Дик чуть не выронил щетку.
— Как!? — воскликнул он. — Вы сами его знаете?
— Я знал его, — отвечал м-р Хоббс, вытирая свой мокрый лоб, — с самого его рождения. Всю нашу жизнь мы были знакомы — вот мы как.
Он решительно не мог говорить об этом без волнения. Он вытащил блестящие золотые часы, и, открыв их, показал Дику внутреннюю доску.
— Когда увидишь сей стишок, то вспомни обо мне, дружок! — прочитал он. — Это был его прощальный подарок мне. Не хочу, чтобы вы меня забыли — так он говорил. Да я бы помнил о нем, — продолжал он, качая головой, — когда бы он мне и ничего не дал, и я б от него и порошинки потом не видел.

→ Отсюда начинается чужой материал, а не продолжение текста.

(* Consider an instance of \textsc{Min-Lin-Eq$(q)$-Full} on the complete graph with $n$ vertices and $m=\binom n2$ edges. Fix an optimal assignment $\mathrm{OPT}$, violating $\mathrm{OPT_{val}}=\varepsilon m$ constraints with $0\le \varepsilon<\frac12$, and call the edges violated by $\mathrm{OPT}$ red. Call a vertex $v$ flippable if the number of red edges incident to $v$ is at least $(n-1)/2-\varepsilon(n-1)$. Then there are at most $\varepsilon\nu n$ flippable vertices, where $\nu=2/(1-2\varepsilon)$.
   Context: \textsc{Min-Lin-Eq$(q)$-Full}: given a complete simple graph $G=(V,E)$, a positive integer $q$, and for each ordered pair $(u,v)$ of distinct vertices an integer $c_{uv}\in\{0,\dots,q-1\}$ with $c_{vu}\equiv -c_{uv}\pmod q$, each edge $uv$ carries the constraint $x_u-x_v\equiv c_{uv}\pmod q$ on assignments $x:V\to\{0,\dots,q-1\}$; the goal is to find an assignment minimizing the number of violated constraints. *)

theory Defs
  imports "HOL-Number_Theory.Cong" Complex_Main
begin

definition min_lin_eq_full_instance :: "'a set \<Rightarrow> int \<Rightarrow> ('a \<Rightarrow> 'a \<Rightarrow> int) \<Rightarrow> bool" where
  "min_lin_eq_full_instance V q c \<longleftrightarrow>
     finite V \<and> q > 0 \<and>
     (\<forall>u\<in>V. \<forall>v\<in>V. u \<noteq> v \<longrightarrow> c u v \<in> {0..<q} \<and> [c v u = - c u v] (mod q))"

definition is_assignment :: "'a set \<Rightarrow> int \<Rightarrow> ('a \<Rightarrow> int) \<Rightarrow> bool" where
  "is_assignment V q x \<longleftrightarrow> (\<forall>v\<in>V. x v \<in> {0..<q})"

definition violates :: "int \<Rightarrow> ('a \<Rightarrow> 'a \<Rightarrow> int) \<Rightarrow> ('a \<Rightarrow> int) \<Rightarrow> 'a \<Rightarrow> 'a \<Rightarrow> bool" where
  "violates q c x u v \<longleftrightarrow> \<not> [x u - x v = c u v] (mod q)"

definition complete_edges :: "'a set \<Rightarrow> 'a set set" where
  "complete_edges V = {{u, v} | u v. u \<in> V \<and> v \<in> V \<and> u \<noteq> v}"

definition violated_edges :: "'a set \<Rightarrow> int \<Rightarrow> ('a \<Rightarrow> 'a \<Rightarrow> int) \<Rightarrow> ('a \<Rightarrow> int) \<Rightarrow> 'a set set" where
  "violated_edges V q c x =
     {{u, v} | u v. u \<in> V \<and> v \<in> V \<and> u \<noteq> v \<and> violates q c x u v}"

definition num_violated :: "'a set \<Rightarrow> int \<Rightarrow> ('a \<Rightarrow> 'a \<Rightarrow> int) \<Rightarrow> ('a \<Rightarrow> int) \<Rightarrow> nat" where
  "num_violated V q c x = card (violated_edges V q c x)"

definition is_optimal :: "'a set \<Rightarrow> int \<Rightarrow> ('a \<Rightarrow> 'a \<Rightarrow> int) \<Rightarrow> ('a \<Rightarrow> int) \<Rightarrow> bool" where
  "is_optimal V q c x \<longleftrightarrow> is_assignment V q x \<and>
     (\<forall>y. is_assignment V q y \<longrightarrow> num_violated V q c x \<le> num_violated V q c y)"

definition red_degree :: "'a set \<Rightarrow> int \<Rightarrow> ('a \<Rightarrow> 'a \<Rightarrow> int) \<Rightarrow> ('a \<Rightarrow> int) \<Rightarrow> 'a \<Rightarrow> nat" where
  "red_degree V q c x v = card {e \<in> violated_edges V q c x. v \<in> e}"

definition flippable :: "'a set \<Rightarrow> int \<Rightarrow> ('a \<Rightarrow> 'a \<Rightarrow> int) \<Rightarrow> ('a \<Rightarrow> int) \<Rightarrow> real \<Rightarrow> 'a \<Rightarrow> bool" where
  "flippable V q c x \<epsilon> v \<longleftrightarrow>
     real (red_degree V q c x v) \<ge> (real (card V) - 1) / 2 - \<epsilon> * (real (card V) - 1)"

end

theory Submission
  imports Defs
begin

(* Summing the red degrees counts every red edge twice, so they add up to eps n (n - 1).
   Every flippable vertex contributes at least (n - 1)(1 - 2 eps)/2 to that sum, which bounds
   the number of flippable vertices by 2 eps n / (1 - 2 eps). *)

lemma sum_card_incident_edges:
  assumes "finite V" and "E \<subseteq> Pow V" and "\<And>e. e \<in> E \<Longrightarrow> card e = 2"
  shows "(\<Sum>v\<in>V. card {e \<in> E. v \<in> e}) = 2 * card E"
proof (rule sum_multicount)
  show "finite E"
    using assms(1,2) by (meson finite_Pow_iff finite_subset)
  show "\<forall>e\<in>E. card {v \<in> V. v \<in> e} = 2"
    using assms(2,3) by (metis (no_types, lifting) Collect_mem_eq Collect_cong PowD subsetD)
qed (fact assms(1))

lemma sum_red_degree:
  assumes "finite V"
  shows "(\<Sum>v\<in>V. red_degree V q c x v) = 2 * num_violated V q c x"
  unfolding red_degree_def num_violated_def
proof (rule sum_card_incident_edges[OF assms])
  show "violated_edges V q c x \<subseteq> Pow V"
    unfolding violated_edges_def by auto
  show "card e = 2" if "e \<in> violated_edges V q c x" for e
    using that unfolding violated_edges_def by auto
qed

lemma of_nat_choose_two:
  "(of_nat (n choose 2) :: 'a::field_char_0) = of_nat n * (of_nat n - 1) / 2"
  by (simp add: binomial_gbinomial gbinomial_prod_rev numeral_2_eq_2)

theorem lemma3:
  fixes V :: "'a set" and q :: int and c :: "'a \<Rightarrow> 'a \<Rightarrow> int"
    and OPT :: "'a \<Rightarrow> int" and \<epsilon> :: real
  assumes inst: "min_lin_eq_full_instance V q c"
    and n2: "card V \<ge> 2"
    and opt: "is_optimal V q c OPT"
    and val: "real (num_violated V q c OPT) = \<epsilon> * real (card V choose 2)"
    and eps0: "0 \<le> \<epsilon>" and eps1: "\<epsilon> < 1/2"
  shows "real (card {v \<in> V. flippable V q c OPT \<epsilon> v})
           \<le> \<epsilon> * (2 / (1 - 2 * \<epsilon>)) * real (card V)"
proof -
  let ?n = "real (card V)"
  let ?F = "{v \<in> V. flippable V q c OPT \<epsilon> v}"
  let ?d = "\<lambda>v. real (red_degree V q c OPT v)"
  let ?t = "(?n - 1) * (1 - 2 * \<epsilon>) / 2"
  have fin: "finite V"
    using inst unfolding min_lin_eq_full_instance_def by simp
  have total: "(\<Sum>v\<in>V. ?d v) = \<epsilon> * ?n * (?n - 1)"
    using val sum_red_degree[OF fin, of q c OPT, THEN arg_cong[of _ _ real]]
    by (simp add: of_nat_choose_two)
  have threshold: "?t = (?n - 1) / 2 - \<epsilon> * (?n - 1)"
    by (simp add: field_simps)
  have "real (card ?F) * ?t \<le> (\<Sum>v\<in>?F. ?d v)"
    by (rule sum_bounded_below) (simp add: flippable_def threshold)
  also have "\<dots> \<le> (\<Sum>v\<in>V. ?d v)"
    by (rule sum_mono2) (use fin in auto)
  finally have markov: "real (card ?F) * ?t \<le> \<epsilon> * ?n * (?n - 1)"
    unfolding total .
  have "(?n - 1) * (real (card ?F) * (1 - 2 * \<epsilon>)) = 2 * (real (card ?F) * ?t)"
    by (simp add: algebra_simps)
  also have "\<dots> \<le> 2 * (\<epsilon> * ?n * (?n - 1))"
    using markov by linarith
  also have "\<dots> = (?n - 1) * (2 * \<epsilon> * ?n)"
    by (simp add: algebra_simps)
  finally have "real (card ?F) * (1 - 2 * \<epsilon>) \<le> 2 * \<epsilon> * ?n"
    using n2 by simp
  with eps1 show ?thesis
    by (simp add: field_simps)
qed

end
(* Let $\Gamma$ be a gain operator on $\ell^\infty_+(\mathcal I)$. If $\Sigma(\Gamma)$ is GATT, then $\Gamma$ satisfies the uniform NJI condition.
   Context: Let $\mathcal I$ be a nonempty countable index set; $\ell^\infty_+(\mathcal I)$ is the cone of nonnegative real families $s=(s_i)_{i\in\mathcal I}$ with $\|s\|:=\sup_i|s_i|<\infty$, ordered componentwise. $\mathcal K_\infty$: continuous strictly increasing unbounded $\gamma:\mathbb R_+\to\mathbb R_+$ with $\gamma(0)=0$. For $\mathcal J\subset\mathcal I$, $s_{|\mathcal J}$ agrees with $s$ on $\mathcal J$ and is $0$ elsewhere. Gain operator: for each $i$ a finite (possibly empty) $\mathcal I_i\subset\mathcal I\setminus\{i\}$; directed graph $\mathcal G$ with vertices $\mathcal I$ and edges $ji$, $j\in\mathcal I_i$; a pointwise equicontinuous family $\gamma_{ij}\in\mathcal K_\infty$ ($ji\in E(\mathcal G)$); functions $\mu_i:\ell^\infty_+(\mathcal I)\to[0,\infty]$ with (M1) some $\xi\in\mathcal K_\infty$ has $\mu_i(0)=0$, $\mu_i(s)\ge\xi(\|s\|)$; (M2) $\mu_i$ monotone; (M3) for each finite $\mathcal J$, $\mu_i$ restricted to vectors vanishing off $\mathcal J$ is finite-valued and continuous; (M4) for each norm-bounded $A$ and $\varepsilon>0$ there is $\delta>0$ with $\sup_i|\mu_i(s_{|\mathcal I_i})-\mu_i(s^0_{|\mathcal I_i})|\le\varepsilon$ whenever $s^0\in A$, $\|s-s^0\|\le\delta$. $\Gamma_i(s):=\mu_i([\gamma_{ij}(s_j)]_{j\in\mathcal I_i})$ (argument zero outside $\mathcal I_i$). $\mathcal N^-_i(n)$: vertices $j$ with a directed path from $j$ to $i$ of length at most $n$ ($\mathcal N^-_i(0)=\{i\}$). $\Sigma(\Gamma)$ is the system $s^{n+1}=\Gamma(s^n)$; it is GATT if $\|\Gamma^n(s)\|\to0$ for every $s\in\ell^\infty_+(\mathcal I)$. Uniform NJI condition: for all $r,\varepsilon>0$ there are $n\in\mathbb N$, $\delta>0$ such that for all $s\in\ell^\infty_+(\mathcal I)$, $i\in\mathcal I$ with $s_i\ge\varepsilon$ and $\|s\|\le r$ there is $j\in\mathcal N^-_i(n)$ with $s_j\ge\delta$ and $\Gamma_j(s)<s_j$. *)

theory Defs
  imports "HOL-Analysis.Analysis"
begin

Это был товарищ такой, что всякий стал бы его помнить.
— Чудеснейший был малый, — подтвердил Дик. — А смышлен-то как — не видывал я еще такого смышленого. Я его страсть как уважал; мы с ним тоже друзьями были с самого начала. Я достал ему мячик из-под дилижанса, и он этого никогда не забывал; часто, бывало, приходил ко мне с матерью, а то с нянькой; придет и сейчас закричит: «Эй, Дик, здорово!» да так ласково всегда, словно взрослый мужчина, несмотря, что еще такой маленький пузырь был. Веселая была голова; случится, бывало, какая незадача — тоска возьмет; а пришел он, глядишь и разговорит тебя.
— Так, так, — подтвердил м-р Хоббс. — Жаль было такого в графы отдавать. Пусти они его по нашему колониальному или хотя по мануфактурному делу, то-то бы из него делец вышел; на славу бы делец вышел!

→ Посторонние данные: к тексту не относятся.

lemma cycle_fixed_point_at_phi:
  fixes A :: "(real^3) set"
  assumes "convex A" "closed A" "A \<noteq> {}" and A_disk: "\<And>y. y \<in> A \<Longrightarrow> norm (hor y) \<le> 1"
    and A_ball: "\<And>w. w \<in> ball 0 1 \<Longrightarrow> \<exists>t. lift w t \<in> A"
    and a: "0 < a" "a \<le> 1" and b: "0 < b" and fixed: "cycle a b A x = x"
  shows "hor (closest_point A x) = phi a"
proof -
  define p where "p = closest_point A x"
  define m where "m = (1 - a)\<^sup>2"
  define D where "D = 1 - m * (1 - b)"
  have m0: "0 \<le> m" "m < 1" unfolding m_def using a by (auto simp: power_less_one_iff abs_less_iff)
  moreover have "m * (1 - b) \<le> m" using m0 b by (intro mult_left_le) auto
  ultimately have m: "0 < 1 - m" and D: "0 < D" unfolding D_def by auto
  have eq: "D *\<^sub>R (hor x - hor p) = (1 - m) *\<^sub>R (target a - hor p)" and height: "p$3 = x$3"
    using fixed cycle_fixed_iff[where a=a and A=A and x=x and b=b] a b by (auto simp: p_def m_def D_def)
  have ball: "inner (target a - hor p) (w - hor p) \<le> 0" if w: "w \<in> ball 0 1" for w
  proof -
    obtain t where "lift w t \<in> A" using A_ball[OF w] by blast
    hence "inner (x - p) (lift w t - p) \<le> 0"
      unfolding p_def by (rule closest_point_dot[OF assms(1,2)])
    hence "D * inner (hor x - hor p) (w - hor p) \<le> 0"
      using height D by (simp add: inner_hor mult_nonneg_nonpos)
    hence "(1 - m) * inner (target a - hor p) (w - hor p) \<le> 0"
      using arg_cong[OF eq, of "\<lambda>v. inner v (w - hor p)"] by simp
    thus ?thesis using m by (simp add: mult_le_0_iff)
  qed
  have "closure (ball 0 1) \<subseteq> {w. inner (target a - hor p) (w - hor p) \<le> 0}"
    using ball by (intro closure_minimal closed_Collect_le continuous_intros) auto
  moreover have "hor p \<in> cball 0 1"
    using A_disk closest_point_in_set[OF assms(2,3)] by (simp add: p_def)
  ultimately have "closest_point (cball 0 1) (target a) = hor p"
    by (intro closest_point_eqI[OF convex_cball closed_cball]) auto
  thus ?thesis by (simp add: closest_point_cball_target p_def)
qed

definition tower :: "(nat \<Rightarrow> (real \<times> real) set) \<Rightarrow> (real^3) set" where
  "tower L = {x. \<forall>c r. (\<forall>n. \<forall>y\<in>L n. inner c y + r \<le> real n) \<longrightarrow> inner c (hor x) + r \<le> x$3}"

lemma tower_Inter:
  "tower L = (\<Inter>(c, r) \<in> {(c, r). \<forall>n. \<forall>y\<in>L n. inner c y + r \<le> real n}.
                 {x. inner (lift c (-1)) x \<le> - r})"
  by (auto simp: tower_def inner_hor algebra_simps)

lemma tower_closed: "closed (tower L)"
  unfolding tower_Inter by (intro closed_INT ballI) (auto intro: closed_halfspace_le)

lemma tower_convex: "convex (tower L)"
  unfolding tower_Inter by (intro convex_INT ballI) (auto intro: convex_halfspace_le)

lemma lift_in_tower: "y \<in> L n \<Longrightarrow> lift y (real n) \<in> tower L"
  unfolding tower_def by auto

text \<open>If all slices lie in the unit disk, the tower lies over the unit disk: a point over the
  outside is cut off by a steep half-space through the unit circle.\<close>

lemma tower_disk:
  assumes L: "\<And>n. L n \<subseteq> cball 0 1" and x: "x \<in> tower L"
  shows "norm (hor x) \<le> 1"
proof (rule ccontr)
  define h where "h = hor x"
  assume "\<not> norm (hor x) \<le> 1"
  hence h: "1 < norm h" by (simp add: h_def)
  define A where "A = (\<bar>x$3\<bar> + 1) / (norm h * (norm h - 1))"
  have A: "0 < A" using h unfolding A_def by (intro divide_pos_pos mult_pos_pos) auto
  have "inner (A *\<^sub>R h) y + - A * norm h \<le> real n" if y: "y \<in> L n" for n y
  proof -
    have "inner h y \<le> norm h * norm y" by (rule norm_cauchy_schwarz)
    also have "\<dots> \<le> norm h" using subsetD[OF L y] by (simp add: mult_left_le)
    finally have "inner h y \<le> norm h" .
    hence "A * (inner h y - norm h) \<le> 0" using A by (simp add: mult_nonneg_nonpos)
    thus ?thesis by (simp add: algebra_simps)
  qed
  hence "inner (A *\<^sub>R h) h + - A * norm h \<le> x$3" using x unfolding tower_def h_def by blast
  moreover have "inner (A *\<^sub>R h) h + - A * norm h = A * (norm h * (norm h - 1))"
    by (simp add: power2_norm_eq_inner[symmetric] power2_eq_square algebra_simps)
  moreover have "A * (norm h * (norm h - 1)) = \<bar>x$3\<bar> + 1"
    using h by (auto simp: A_def)
  ultimately show False by linarith
qed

И он с самым горьким сожалением покачал головою.
Ясно было, что сразу им не успеть переговорить обо всем, а потому они условились, что на следующий день Дик придет к м-ру Хоббсу в лавку и проведет с ним вечер. Этот план очень понравился Дику. Он провел на улице почти всю свою жизнь, но никогда не был дурным мальчиком и в душе питал всегда желание устроить себе приличное существование. С тех пор, как он повел свое дело самостоятельно, он успел скопить столько деньжонок, что имел возможность ночевать в доме, а не под открытым небом, и стал уже надеяться достигнуть со временем и еще лучшего положения. Таким образом, приглашение в гости к осанистому, почтенному человеку, владельцу колониальной лавочки, да еще с лошадью и повозкой, казалось ему настоящим событием.
— А что, друг любезный, не знаешь ли ты чего насчет графов и замков? — осведомился м-р Хоббс. — Я бы не прочь разузнать о них поподробнее.

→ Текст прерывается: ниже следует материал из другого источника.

(* Let $n \geq 2$ be an integer and let $F$ be any field of characteristic zero. For $a = (a_1,\dots,a_{n-1}) \in F^{n-1}$ define the polynomials $Q_a(x) = n(x - a_1/n)(x-a_2)\cdots(x-a_{n-1}) \in F[x]$ and $P_{a,0}(x) = \int_0^x Q_a(t)\,dt \in F[x]$ (the unique antiderivative of $Q_a$ with zero constant term). Then there exist $a_1,\dots,a_{n-1} \in F$ such that the values $P_{a,0}(a_1/n), P_{a,0}(a_2), \dots, P_{a,0}(a_{n-1})$ are pairwise distinct. *)

theory Defs
  imports "HOL-Computational_Algebra.Polynomial"
begin

definition poly_antideriv :: "'a::field_char_0 poly \<Rightarrow> 'a poly" where
  "poly_antideriv p = Poly (0 # map (\<lambda>i. coeff p i / of_nat (Suc i)) [0..<Suc (degree p)])"

definition Qpoly :: "nat \<Rightarrow> (nat \<Rightarrow> 'a::field_char_0) \<Rightarrow> 'a poly" where
  "Qpoly n a = smult (of_nat n) ([:- (a 1 / of_nat n), 1:] * (\<Prod>i\<in>{2..n-1}. [:- a i, 1:]))"

definition Ppoly0 :: "nat \<Rightarrow> (nat \<Rightarrow> 'a::field_char_0) \<Rightarrow> 'a poly" where
  "Ppoly0 n a = poly_antideriv (Qpoly n a)"

definition crit_pt :: "nat \<Rightarrow> (nat \<Rightarrow> 'a::field_char_0) \<Rightarrow> nat \<Rightarrow> 'a" where
  "crit_pt n a i = (if i = 1 then a 1 / of_nat n else a i)"

end

theory Submission
  imports Defs
begin

(* Up to the substitution a_1 := n a_1 and the factor n, the claim is that the
   antiderivative P of R = (x - b_1)...(x - b_m) takes pairwise distinct values at the
   roots b_i, for suitable b. Adding a root X turns P into
   int_0^x t R(t) dt - X int_0^x R(t) dt, so the value at an old root b_i becomes
   c_i - X d_i with d_i the old value, and the value at X is H(X) for a polynomial H
   of degree m + 2. These m + 1 polynomials in X are pairwise distinct, hence their
   values are pairwise distinct for all but finitely many X. *)

lemma coeff_poly_antideriv:
  "coeff (poly_antideriv p) k = (if k = 0 then 0 else coeff p (k - 1) / of_nat k)"
proof (cases k)
  case 0
  then show ?thesis by (simp add: poly_antideriv_def coeff_Poly_eq)
next
  case (Suc i)
  show ?thesis
  proof (cases "i \<le> degree p")
    case True
    then show ?thesis using Suc
      by (simp add: poly_antideriv_def coeff_Poly_eq nth_default_def del: upt_Suc)
  next
    case False
    then have "coeff p i = 0" by (simp add: coeff_eq_0)
    then show ?thesis using Suc False
      by (simp add: poly_antideriv_def coeff_Poly_eq nth_default_def del: upt_Suc)
  qed
qed

lemma poly_antideriv_diff: "poly_antideriv (p - q) = poly_antideriv p - poly_antideriv q"
  by (rule poly_eqI) (simp add: coeff_poly_antideriv diff_divide_distrib)

lemma poly_antideriv_smult: "poly_antideriv (smult c p) = smult c (poly_antideriv p)"
  by (rule poly_eqI) (simp add: coeff_poly_antideriv)

(* The polynomial int_0^x t p(t) dt - x int_0^x p(t) dt has leading coefficient
   lead_coeff p (1/(d+2) - 1/(d+1)), where d = degree p. *)
lemma coeff_poly_antideriv_pCons_defect_nonzero:
  fixes p :: "'a::field_char_0 poly"
  assumes "p \<noteq> 0"
  shows "coeff (poly_antideriv (pCons 0 p) - pCons 0 (poly_antideriv p)) (degree p + 2) \<noteq> 0"
proof -
  let ?d = "degree p"
  have "(of_nat (?d + 2) :: 'a) \<noteq> of_nat (?d + 1)"
    by (simp only: of_nat_eq_iff)
  then have "1 / (of_nat (?d + 2) :: 'a) - 1 / of_nat (?d + 1) \<noteq> 0"
    by (simp add: field_simps)
  moreover have "coeff (poly_antideriv (pCons 0 p) - pCons 0 (poly_antideriv p)) (?d + 2)
      = lead_coeff p * (1 / of_nat (?d + 2) - 1 / of_nat (?d + 1))"
    by (simp add: coeff_poly_antideriv field_simps numeral_2_eq_2)
  ultimately show ?thesis using assms by simp
qed

lemma ex_inj_on_poly_values:
  fixes F :: "'i \<Rightarrow> 'a::{ring_char_0,idom} poly"
  assumes "finite I" and "inj_on F I"
  shows "\<exists>x. inj_on (\<lambda>i. poly (F i) x) I"
proof -
  define pairs where "pairs = {(i, j) \<in> I \<times> I. i \<noteq> j}"
  define D where "D = (\<Prod>(i, j)\<in>pairs. F i - F j)"
  have "finite pairs"
    using assms(1) by (auto simp: pairs_def intro: finite_subset[of _ "I \<times> I"])
  moreover have "F i - F j \<noteq> 0" if "(i, j) \<in> pairs" for i j
    using that assms(2) by (auto simp: pairs_def inj_on_def)
  ultimately have "D \<noteq> 0" by (auto simp: D_def)
  then obtain x where "poly D x \<noteq> 0" using poly_all_0_iff_0 by blast
  then have "poly (F i) x \<noteq> poly (F j) x" if "(i, j) \<in> pairs" for i j
    using that \<open>finite pairs\<close> by (auto simp: D_def poly_prod)
  then show ?thesis by (auto simp: inj_on_def pairs_def)
qed

definition root_poly :: "nat \<Rightarrow> (nat \<Rightarrow> 'a::comm_ring_1) \<Rightarrow> 'a poly" where
  "root_poly m b = (\<Prod>i\<in>{1..m}. [:- b i, 1:])"

lemma root_poly_nonzero: "root_poly m (b :: nat \<Rightarrow> 'a::idom) \<noteq> 0"
  by (simp add: root_poly_def)

lemma root_poly_Suc: "root_poly (Suc m) b = [:- b (Suc m), 1:] * root_poly m b"
  by (simp add: root_poly_def atLeastAtMostSuc_conv mult.commute)

lemma root_poly_cong: "(\<And>i. i \<in> {1..m} \<Longrightarrow> b i = b' i) \<Longrightarrow> root_poly m b = root_poly m b'"
  unfolding root_poly_def by (rule prod.cong) auto

lemma poly_antideriv_root_poly_Suc:
  "poly_antideriv (root_poly (Suc m) b)
     = poly_antideriv (pCons 0 (root_poly m b)) - smult (b (Suc m)) (poly_antideriv (root_poly m b))"
  by (simp add: root_poly_Suc mult_pCons_left poly_antideriv_diff poly_antideriv_smult)

lemma ex_root_poly_antideriv_inj_on_roots:
  "\<exists>b :: nat \<Rightarrow> 'a::field_char_0. inj_on (\<lambda>i. poly (poly_antideriv (root_poly m b)) (b i)) {1..m}"
proof (induction m)
  case 0
  then show ?case by simp
next
  case (Suc m)
  then obtain b :: "nat \<Rightarrow> 'a"
    where inj: "inj_on (\<lambda>i. poly (poly_antideriv (root_poly m b)) (b i)) {1..m}"
    by blast
  define R where "R = root_poly m b"
  define c where "c i = poly (poly_antideriv (pCons 0 R)) (b i)" for i
  define d where "d i = poly (poly_antideriv R) (b i)" for i
  define H where "H = poly_antideriv (pCons 0 R) - pCons 0 (poly_antideriv R)"
  define F where "F i = (if i = Suc m then H else [:c i, - d i:])" for i
  have H_nonlinear: "H \<noteq> [:c i, - d i:]" for i
  proof -
    have "coeff H (degree R + 2) \<noteq> 0"
      unfolding H_def R_def by (rule coeff_poly_antideriv_pCons_defect_nonzero[OF root_poly_nonzero])
    moreover have "coeff [:c i, - d i:] (degree R + 2) = 0" by (simp add: numeral_2_eq_2)
    ultimately show ?thesis by metis
  qed
  have "inj_on d {1..m}" using inj by (simp add: d_def[abs_def] R_def)
  have "inj_on F {1..Suc m}"
  proof (rule inj_onI)
    fix i j assume i: "i \<in> {1..Suc m}" and j: "j \<in> {1..Suc m}" and "F i = F j"
    show "i = j"
    proof (cases "i = Suc m \<or> j = Suc m")
      case True
      then show ?thesis using \<open>F i = F j\<close> H_nonlinear unfolding F_def by metis
    next
      case False
      then have "d i = d j" using \<open>F i = F j\<close> by (simp add: F_def)
      with False i j show ?thesis using inj_onD[OF \<open>inj_on d {1..m}\<close>] by fastforce
    qed
  qed
  then obtain X where X: "inj_on (\<lambda>i. poly (F i) X) {1..Suc m}"
    using ex_inj_on_poly_values[of "{1..Suc m}" F] by auto
  define b' where "b' = b(Suc m := X)"
  have "root_poly m b' = R" unfolding R_def by (rule root_poly_cong) (simp add: b'_def)
  then have P': "poly_antideriv (root_poly (Suc m) b')
      = poly_antideriv (pCons 0 R) - smult X (poly_antideriv R)"
    by (simp add: poly_antideriv_root_poly_Suc b'_def)
  have "poly (poly_antideriv (root_poly (Suc m) b')) (b' i) = poly (F i) X"
    if "i \<in> {1..Suc m}" for i
  proof (cases "i = Suc m")
    case True
    then show ?thesis by (simp add: P' F_def H_def) (simp add: b'_def)
  next
    case False
    then show ?thesis by (simp add: P' F_def c_def d_def) (simp add: b'_def)
  qed
  then show ?case
    using X by (intro exI[of _ b']) (simp add: inj_on_def)
qed

theorem lemma2p4:
  fixes n :: nat
  assumes "n \<ge> 2"
  shows "\<exists>a :: nat \<Rightarrow> 'a::field_char_0.
           inj_on (\<lambda>i. poly (Ppoly0 n a) (crit_pt n a i)) {1..n-1}"
proof -
  obtain b :: "nat \<Rightarrow> 'a"
    where inj: "inj_on (\<lambda>i. poly (poly_antideriv (root_poly (n-1) b)) (b i)) {1..n-1}"
    using ex_root_poly_antideriv_inj_on_roots by blast
  define a where "a = b(1 := of_nat n * b 1)"
  have n0: "(of_nat n :: 'a) \<noteq> 0" using assms by simp
  have "{1..n-1} = insert 1 {2..n-1}" using assms by auto
  then have "root_poly (n-1) b = [:- b 1, 1:] * (\<Prod>i\<in>{2..n-1}. [:- a i, 1:])"
    by (simp add: root_poly_def a_def)
  then have "Qpoly n a = smult (of_nat n) (root_poly (n-1) b)"
    using n0 by (simp add: Qpoly_def a_def)
  moreover have "crit_pt n a i = b i" for i
    using n0 by (simp add: crit_pt_def a_def)
  ultimately have "poly (Ppoly0 n a) (crit_pt n a i)
      = of_nat n * poly (poly_antideriv (root_poly (n-1) b)) (b i)" for i
    by (simp add: Ppoly0_def poly_antideriv_smult)
  then show ?thesis
    using inj n0 by (intro exI[of _ a]) (simp add: inj_on_def)
qed

end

— Есть тут об них одна история в Дешевой Газете, — сказал Дик. — Называется она преступление Графской короны или месть графини Мэй. Занятная вещь к тому же. Кое-кто из наших берут ее читать.
— Захвати ее ко мне с собою, — обрадовался м-р Хоббс, — я тебе заплачу, что стоит. Забери все, что найдешь, где говорится о графах. Если не о графах, то хоть о маркизах что ли или герцогах — пригодится и это, хотя он никогда не понимал ни про герцогов, ни про маркизов. Заходила у нас с ним речь и о коронах графских, только мне что-то не приходилось видать их. Думается мне, здесь их не держат.
— Должны бы быть, кажется, — сказал Дик, — только я не знаю, не видывал.
— Вероятно, их очень мало спрашивают, — заметил м-р Хоббс в заключение.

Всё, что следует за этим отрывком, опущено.